Tries: Contacts

  • + 2 comments

    My first solution was identical and it didn't pass testcase 12:

    from collections import defaultdict
    from sys import stdin
    
    # clean and concise implementation that will fail on testcase 12
    # due to python wasting too much memory on deep chains
    # of characters.
    
    class Node(object):
        def __init__(self):
            self.children = defaultdict(Node)
            self.num_usage = 0
    
    class Trie(object):
        def __init__(self):
            self.root = Node()
            
        def add(self, word):
            node = self.root
            for char in word:
                node = node.children[char]
                node.num_usage += 1
        
        def find(self, partial):
            node = self.root
            for char in partial:
                if char not in node.children:
                    return 0
                node = node.children[char]
            return node.num_usage
    
    n = int(raw_input().strip())
    trie = Trie()
    for a0 in xrange(n):
        op, contact = stdin.readline().strip().split()
        if   op == 'add':
            trie.add(contact)
        elif op == 'find':
            print trie.find(contact)
    

    The problem here is that python is allocating too much memory on storage container for each node (in your case it is list, in my case it is defaultdict, etc.). That is why on testcase it is throwing error because grader exceeds its memory limit. The solution for python guys is to notice that we add a lot of very long (len == 21) rare (occurs only once) words, however, when we try to find partial, the length of partial doesn't exceed 5 (it wasn't told in tutorial, I found it imperically looking into testacases). It reflects normal situation with words -> the deeper we are going into the trie the smaller frequency becomes for each node. So we are wasting a lot of memory on very deep chains in our trie. One possible solution here is to store in the node the entire remaining suffix for each such long word if this suffix occurs only once. Only if we see this suffix again we split it into the usual trie structure. On example from the task it will be:

    • We add 'hack'. Our trie becomes: root -> 'h' -> 'ack'
    • We add 'hackerrank'. Our trie becomes: root -> 'h' -> 'a' -> 'c' -> 'k' -> 'errank'

    Such scheme allows to save memory by preserving whole suffix (like 'errank') instead of creating deep chain where on each level we would have to allocate storage container for children.
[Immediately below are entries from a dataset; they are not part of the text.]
(* Let $b$ be a negative integer and let $f(x)=\sum_{k=2}^{\infty}x^k\sum_{j\ge1,\ j\ne -b}\frac{1}{(j+b)^k}$ (the singular term $j=-b$ omitted), convergent for $|x|<1$. Then for $x$ in this disc with $x\neq b$, $2x\notin\mathbb{Z}$, $$f(x)=1+\frac{x^2}{2b(x-b)}-\frac{\pi x}{2}\cot(\pi x)-\pi x\int_0^1\left(\frac{\sin(2\pi(x-b)u)}{\sin(2\pi x)}-u\cos(2\pi b u)\right)\cot(\pi u)\,du,$$ and the right-hand side gives an analytic continuation of $f$ to such $x\in\mathbb{C}$. *)

theory Defs
  imports "HOL-Complex_Analysis.Complex_Analysis"
begin

definition coeffB :: "int \<Rightarrow> nat \<Rightarrow> complex" where
  "coeffB b k = (\<Sum>\<^sub>\<infinity>j\<in>{j::nat. j \<ge> 1 \<and> int j \<noteq> - b}. 1 / (of_int (int j + b)) ^ k)"

definition fB :: "int \<Rightarrow> complex \<Rightarrow> complex" where
  "fB b x = (\<Sum>k. x ^ (k + 2) * coeffB b (k + 2))"

definition rhsB :: "int \<Rightarrow> complex \<Rightarrow> complex" where
  "rhsB b x = 1 + x^2 / (2 * of_int b * (x - of_int b))
     - of_real pi * x / 2 * cot (of_real pi * x)
     - of_real pi * x * integral {0..1::real}
         (\<lambda>u. (sin (2 * of_real pi * (x - of_int b) * of_real u) / sin (2 * of_real pi * x)
                - of_real u * cos (2 * of_real pi * of_int b * of_real u))
               * of_real (cot (pi * u)))"

end

theory Submission
  imports Defs
begin

text \<open>
  Write \<open>N = -b\<close>. Expanding every summand \<open>1/(j - N)^k\<close> of \<open>f\<close> geometrically and
  exchanging the absolutely convergent double series gives
  \<open>f(x) = \<Sum>\<^sub>j\<^sub>\<noteq>\<^sub>N (x/(j-N))\<^sup>2 / (1 - x/(j-N))\<close>: the terms with \<open>j < N\<close> form a finite
  sum and those with \<open>j > N\<close> are the digamma series at \<open>1 - x\<close>.

  On the other side, with \<open>\<phi>\<^sub>N(x,u) = sin(2\<pi>(x+N)u) - u sin(2\<pi>x) cos(2\<pi>Nu)\<close>, the integral
  \<open>I\<^sub>N(x) = \<integral>\<^sub>0\<^sup>1 \<phi>\<^sub>N(x,u) cot(\<pi>u) du\<close> satisfies an explicit recurrence in \<open>N\<close>, because
  \<open>(sin(A+2a) - sin A) cot a = cos(A+2a) + cos A\<close>, and tends to \<open>(1 + cos 2\<pi>x)/2\<close> as
  \<open>N \<rightarrow> \<infinity>\<close> by the Riemann--Lebesgue lemma. Hence \<open>I\<^sub>N(x)\<close> is a tail of the digamma series
  at \<open>1 + x\<close>, and the reflection formula \<open>\<psi>(1-x) - \<psi>(x) = \<pi> cot \<pi>x\<close> turns the right-hand
  side into the same closed form as \<open>f\<close>, which is holomorphic off the integers.
\<close>

section \<open>The digamma function\<close>

lemma Digamma_reflection_complex:
  fixes z :: complex
  assumes z: "z \<notin> \<int>"
  shows "Digamma (1 - z) - Digamma z = of_real pi * cot (of_real pi * z)"
proof -
  let ?g = "\<lambda>z::complex. Gamma z * Gamma (1 - z) * sin (of_real pi * z)"
  let ?g' = "\<lambda>z. Gamma z * Gamma (1 - z) * ((Digamma z - Digamma (1 - z)) * sin (of_real pi * z) +
                     of_real pi * cos (of_real pi * z))"
  have z1: "1 - z \<notin> \<int>" using z Ints_diff[of 1 "1-z"] by auto
  have nz: "z \<notin> \<int>\<^sub>\<le>\<^sub>0" "1 - z \<notin> \<int>\<^sub>\<le>\<^sub>0" using z z1 nonpos_Ints_subset_Ints by auto
  have "(?g has_field_derivative ?g' z) (at z)"
    using nz by (auto intro!: derivative_eq_intros simp: algebra_simps)
  moreover have "(?g has_field_derivative 0) (at z)"
  proof -
    have "eventually (\<lambda>t. t \<in> UNIV - \<int>) (nhds z)"
      using z by (intro eventually_nhds_in_open) (auto simp: open_Diff)
    then have ev: "eventually (\<lambda>t. ?g t = of_real pi) (nhds z)"
    proof eventually_elim
      case (elim t)
      then have "sin (of_real pi * t) \<noteq> 0" by (subst sin_eq_0) auto
      then show ?case using Gamma_reflection_complex[of t] by (simp add: field_simps)
    qed
    show ?thesis by (subst DERIV_cong_ev[OF refl ev refl]) (rule DERIV_const)
  qed
  ultimately have "?g' z = 0" by (rule DERIV_unique)
  moreover have sz: "sin (of_real pi * z) \<noteq> 0" using z by (subst sin_eq_0) auto
  moreover have "Gamma z \<noteq> 0" "Gamma (1 - z) \<noteq> 0" using nz by (auto simp: Gamma_eq_zero_iff)
  ultimately have "(Digamma z - Digamma (1 - z)) * sin (of_real pi * z) + of_real pi * cos (of_real pi * z) = 0"
    by simp
  then show ?thesis using sz by (simp add: cot_def field_simps)
qed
This is a bit stupid for this task because this optimization doesn't change memory consumption on global scale in terms of O(n) notation. Personally, I think that the grader memory limit must be slightly increased for this task.
    In case you wonder here is optimized solution:

    from collections import defaultdict
    from sys import stdin
    
    # the whole stupid split suffix functionality
    # is only here because very rare long words will screw memory
    # consumption otherwise
    
    class Node(object):
        def __init__(self):
            self.val = ''
            self.children = defaultdict(Node)
            self.num_usage = 0
        
        @property
        def is_whole_suffix(self):
            return self.num_usage == 1   
        
        @property
        def children_suffix(self):
            assert self.is_whole_suffix         # meaningful only for whole suffixes
            return self.val[1:]                 
        
        def split_suffix(self):
            assert self.is_whole_suffix         # meaningful only for whole suffixes
            child = self.children[self.val[1]]
            child.val = self.val[1:]
            child.num_usage += 1        
            
        def add(self, char):
            if self.is_whole_suffix:            # preserve memory by concatinating
                self.val += char                # characters in suffix  if the word
                return self                     # is used only once
            
            child = self.children[char]
            if child.is_whole_suffix and len(child.val) > 1:
                child.split_suffix()
    
            child.val = char
            child.num_usage += 1
            return child
        
        def get(self, char):
            assert self.has(char)               # because defaultdict is used
            return self.children[char]
        
        def has(self, char):
            return char in self.children
        
        def has_same_suffix(self, rest_partial):
            assert self.is_whole_suffix         # meaningful only for whole suffixes
            return self.children_suffix[:len(rest_partial)] == rest_partial
        
    class Trie(object):
        def __init__(self):
            self.root = Node()
            
        def add(self, word):
            node = self.root
            for char in word:
                node = node.add(char)
        
        def find(self, partial):
            node = self.root
            for i, char in enumerate(partial):
                if node.is_whole_suffix:
                    rest_partial = partial[i:]
                    return int(node.has_same_suffix(rest_partial))
                if not node.has(char):
                    return 0
                node = node.get(char)
            return node.num_usage
    
    n = int(raw_input().strip())
    trie = Trie()
    for a0 in xrange(n):
        op, contact = stdin.readline().strip().split()
        if   op == 'add':
            trie.add(contact)
        elif op == 'find':
            print trie.find(contact)